Top of Provided records

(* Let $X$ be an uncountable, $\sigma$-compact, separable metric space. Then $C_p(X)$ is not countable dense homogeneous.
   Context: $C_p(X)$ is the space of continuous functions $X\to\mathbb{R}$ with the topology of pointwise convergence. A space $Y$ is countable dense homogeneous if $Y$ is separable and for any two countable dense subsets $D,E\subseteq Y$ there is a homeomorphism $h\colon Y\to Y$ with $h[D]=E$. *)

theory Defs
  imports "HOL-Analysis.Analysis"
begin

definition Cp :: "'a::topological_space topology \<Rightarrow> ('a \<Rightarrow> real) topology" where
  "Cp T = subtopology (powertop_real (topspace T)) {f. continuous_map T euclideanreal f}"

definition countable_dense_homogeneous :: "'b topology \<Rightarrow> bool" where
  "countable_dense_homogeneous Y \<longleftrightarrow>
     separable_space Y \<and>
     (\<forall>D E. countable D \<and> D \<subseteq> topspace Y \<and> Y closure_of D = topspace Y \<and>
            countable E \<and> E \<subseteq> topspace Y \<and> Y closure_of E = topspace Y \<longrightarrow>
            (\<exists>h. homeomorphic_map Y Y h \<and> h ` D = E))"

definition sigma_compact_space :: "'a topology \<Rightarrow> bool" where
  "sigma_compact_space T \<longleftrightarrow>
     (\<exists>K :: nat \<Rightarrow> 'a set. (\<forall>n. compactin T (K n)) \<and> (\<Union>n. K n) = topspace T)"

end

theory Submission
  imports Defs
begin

Bottom of Provided records

- _Work instructions_
Every entry above must be returned word for word.

- _Reply to the exercise_
(* Let $X$ be an uncountable, $\sigma$-compact, separable metric space. Then $C_p(X)$ is not countable dense homogeneous.
   Context: $C_p(X)$ is the space of continuous functions $X\to\mathbb{R}$ with the topology of pointwise convergence. A space $Y$ is countable dense homogeneous if $Y$ is separable and for any two countable dense subsets $D,E\subseteq Y$ there is a homeomorphism $h\colon Y\to Y$ with $h[D]=E$. *)

theory Defs
  imports "HOL-Analysis.Analysis"
begin

definition Cp :: "'a::topological_space topology \<Rightarrow> ('a \<Rightarrow> real) topology" where
  "Cp T = subtopology (powertop_real (topspace T)) {f. continuous_map T euclideanreal f}"

definition countable_dense_homogeneous :: "'b topology \<Rightarrow> bool" where
  "countable_dense_homogeneous Y \<longleftrightarrow>
     separable_space Y \<and>
     (\<forall>D E. countable D \<and> D \<subseteq> topspace Y \<and> Y closure_of D = topspace Y \<and>
            countable E \<and> E \<subseteq> topspace Y \<and> Y closure_of E = topspace Y \<longrightarrow>
            (\<exists>h. homeomorphic_map Y Y h \<and> h ` D = E))"

definition sigma_compact_space :: "'a topology \<Rightarrow> bool" where
  "sigma_compact_space T \<longleftrightarrow>
     (\<exists>K :: nat \<Rightarrow> 'a set. (\<forall>n. compactin T (K n)) \<and> (\<Union>n. K n) = topspace T)"

end

theory Submission
  imports Defs
begin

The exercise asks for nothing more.